WHAT TO WORK ON.
Print the lines of the data, starting with the first, up to and including the line where "S. \<forall>z\<in>s_carrier S." appears.

Stored entries
Segment Open

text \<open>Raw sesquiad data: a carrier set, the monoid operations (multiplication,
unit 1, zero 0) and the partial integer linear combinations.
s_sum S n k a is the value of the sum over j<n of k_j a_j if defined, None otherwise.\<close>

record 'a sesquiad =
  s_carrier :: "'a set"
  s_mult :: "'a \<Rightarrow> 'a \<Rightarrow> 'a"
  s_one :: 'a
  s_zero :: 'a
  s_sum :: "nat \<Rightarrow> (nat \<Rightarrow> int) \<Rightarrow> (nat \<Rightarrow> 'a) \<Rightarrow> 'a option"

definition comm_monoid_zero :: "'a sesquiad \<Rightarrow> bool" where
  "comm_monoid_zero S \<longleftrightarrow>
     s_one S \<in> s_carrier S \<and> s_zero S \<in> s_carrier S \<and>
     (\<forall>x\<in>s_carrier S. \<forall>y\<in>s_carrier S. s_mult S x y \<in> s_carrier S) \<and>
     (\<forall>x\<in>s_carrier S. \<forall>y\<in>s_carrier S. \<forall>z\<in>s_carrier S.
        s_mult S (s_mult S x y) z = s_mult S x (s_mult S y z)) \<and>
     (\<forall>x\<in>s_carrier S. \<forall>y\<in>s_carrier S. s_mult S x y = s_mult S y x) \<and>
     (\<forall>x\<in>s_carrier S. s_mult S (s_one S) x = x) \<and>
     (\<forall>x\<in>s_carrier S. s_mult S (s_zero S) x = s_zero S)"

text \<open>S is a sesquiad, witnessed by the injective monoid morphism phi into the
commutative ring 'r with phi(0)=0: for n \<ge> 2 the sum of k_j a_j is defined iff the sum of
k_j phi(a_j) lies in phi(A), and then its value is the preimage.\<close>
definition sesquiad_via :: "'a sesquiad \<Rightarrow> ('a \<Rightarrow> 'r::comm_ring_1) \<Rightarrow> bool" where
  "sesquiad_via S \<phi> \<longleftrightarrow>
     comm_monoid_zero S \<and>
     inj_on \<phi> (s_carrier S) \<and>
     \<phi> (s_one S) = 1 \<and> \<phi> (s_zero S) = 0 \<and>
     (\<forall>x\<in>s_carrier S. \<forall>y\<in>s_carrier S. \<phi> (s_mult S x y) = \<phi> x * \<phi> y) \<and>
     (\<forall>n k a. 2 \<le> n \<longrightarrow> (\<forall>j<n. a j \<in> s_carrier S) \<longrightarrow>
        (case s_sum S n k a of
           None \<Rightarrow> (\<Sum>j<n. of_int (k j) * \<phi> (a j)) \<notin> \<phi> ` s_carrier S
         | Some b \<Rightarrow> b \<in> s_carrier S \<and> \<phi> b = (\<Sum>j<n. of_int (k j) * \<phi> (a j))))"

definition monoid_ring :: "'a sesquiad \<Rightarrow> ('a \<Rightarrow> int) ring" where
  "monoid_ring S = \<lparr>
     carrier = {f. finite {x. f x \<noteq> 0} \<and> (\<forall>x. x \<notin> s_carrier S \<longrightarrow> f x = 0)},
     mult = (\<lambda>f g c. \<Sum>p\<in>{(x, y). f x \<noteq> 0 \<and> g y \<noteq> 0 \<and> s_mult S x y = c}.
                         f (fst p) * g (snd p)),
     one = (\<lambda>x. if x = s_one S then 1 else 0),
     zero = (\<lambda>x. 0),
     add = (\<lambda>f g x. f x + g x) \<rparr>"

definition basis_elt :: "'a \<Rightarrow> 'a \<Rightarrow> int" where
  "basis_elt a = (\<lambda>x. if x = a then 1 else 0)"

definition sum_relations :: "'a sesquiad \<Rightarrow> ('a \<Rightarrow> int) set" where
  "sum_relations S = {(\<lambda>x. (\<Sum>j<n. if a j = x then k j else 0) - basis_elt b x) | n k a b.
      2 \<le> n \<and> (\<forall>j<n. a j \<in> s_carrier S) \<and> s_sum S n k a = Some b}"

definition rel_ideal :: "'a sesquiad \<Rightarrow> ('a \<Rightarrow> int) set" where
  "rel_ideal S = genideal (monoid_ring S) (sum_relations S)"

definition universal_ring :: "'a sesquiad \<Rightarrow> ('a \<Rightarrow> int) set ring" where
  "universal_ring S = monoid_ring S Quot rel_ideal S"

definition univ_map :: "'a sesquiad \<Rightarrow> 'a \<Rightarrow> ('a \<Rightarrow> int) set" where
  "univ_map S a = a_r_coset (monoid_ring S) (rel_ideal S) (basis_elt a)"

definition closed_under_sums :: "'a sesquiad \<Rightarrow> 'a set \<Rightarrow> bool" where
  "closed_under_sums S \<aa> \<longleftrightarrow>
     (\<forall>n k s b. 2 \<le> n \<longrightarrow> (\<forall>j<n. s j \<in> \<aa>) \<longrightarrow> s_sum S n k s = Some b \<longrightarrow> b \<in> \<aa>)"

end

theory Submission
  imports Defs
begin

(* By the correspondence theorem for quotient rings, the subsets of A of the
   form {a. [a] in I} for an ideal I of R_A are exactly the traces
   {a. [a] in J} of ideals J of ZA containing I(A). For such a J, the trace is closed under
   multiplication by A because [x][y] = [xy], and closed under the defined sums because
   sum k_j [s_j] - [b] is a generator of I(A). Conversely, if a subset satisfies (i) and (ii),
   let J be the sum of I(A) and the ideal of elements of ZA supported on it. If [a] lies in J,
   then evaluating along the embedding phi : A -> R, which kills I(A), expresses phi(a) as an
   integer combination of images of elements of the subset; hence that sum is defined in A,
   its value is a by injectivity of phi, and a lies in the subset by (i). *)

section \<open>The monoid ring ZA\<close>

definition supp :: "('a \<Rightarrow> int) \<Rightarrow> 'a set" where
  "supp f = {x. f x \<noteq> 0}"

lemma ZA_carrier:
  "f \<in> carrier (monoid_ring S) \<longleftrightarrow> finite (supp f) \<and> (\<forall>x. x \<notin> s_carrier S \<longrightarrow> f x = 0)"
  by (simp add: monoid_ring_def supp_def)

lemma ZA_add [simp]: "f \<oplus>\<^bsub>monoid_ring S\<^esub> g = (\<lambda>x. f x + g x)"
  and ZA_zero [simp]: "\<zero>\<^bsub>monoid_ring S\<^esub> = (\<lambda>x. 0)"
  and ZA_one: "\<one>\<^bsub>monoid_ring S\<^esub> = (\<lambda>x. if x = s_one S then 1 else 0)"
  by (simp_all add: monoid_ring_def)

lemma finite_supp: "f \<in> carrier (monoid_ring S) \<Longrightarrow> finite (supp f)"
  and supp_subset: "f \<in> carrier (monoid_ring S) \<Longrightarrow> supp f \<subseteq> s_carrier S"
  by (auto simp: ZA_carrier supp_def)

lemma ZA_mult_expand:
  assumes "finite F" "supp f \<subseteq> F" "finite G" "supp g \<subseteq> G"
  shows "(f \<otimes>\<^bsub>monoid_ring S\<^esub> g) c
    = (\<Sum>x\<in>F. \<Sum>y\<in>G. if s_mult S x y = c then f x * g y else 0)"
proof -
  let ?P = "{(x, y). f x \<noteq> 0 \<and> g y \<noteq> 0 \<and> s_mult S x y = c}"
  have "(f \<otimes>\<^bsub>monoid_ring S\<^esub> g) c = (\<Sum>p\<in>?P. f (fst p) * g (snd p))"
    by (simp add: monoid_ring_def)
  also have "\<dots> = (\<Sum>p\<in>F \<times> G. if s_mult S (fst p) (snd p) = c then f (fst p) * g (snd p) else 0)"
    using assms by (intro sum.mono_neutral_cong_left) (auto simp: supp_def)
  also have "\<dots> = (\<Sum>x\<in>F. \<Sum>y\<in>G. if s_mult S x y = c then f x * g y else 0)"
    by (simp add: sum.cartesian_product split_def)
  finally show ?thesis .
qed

Segment Closed

OUTPUT.
text \<open>Raw sesquiad data: a carrier set, the monoid operations (multiplication,
unit 1, zero 0) and the partial integer linear combinations.
s_sum S n k a is the value of the sum over j<n of k_j a_j if defined, None otherwise.\<close>

record 'a sesquiad =
  s_carrier :: "'a set"
  s_mult :: "'a \<Rightarrow> 'a \<Rightarrow> 'a"
  s_one :: 'a
  s_zero :: 'a
  s_sum :: "nat \<Rightarrow> (nat \<Rightarrow> int) \<Rightarrow> (nat \<Rightarrow> 'a) \<Rightarrow> 'a option"

definition comm_monoid_zero :: "'a sesquiad \<Rightarrow> bool" where
  "comm_monoid_zero S \<longleftrightarrow>
     s_one S \<in> s_carrier S \<and> s_zero S \<in> s_carrier S \<and>
     (\<forall>x\<in>s_carrier S. \<forall>y\<in>s_carrier S. s_mult S x y \<in> s_carrier S) \<and>
     (\<forall>x\<in>s_carrier S. \<forall>y\<in>s_carrier S. \<forall>z\<in>s_carrier S.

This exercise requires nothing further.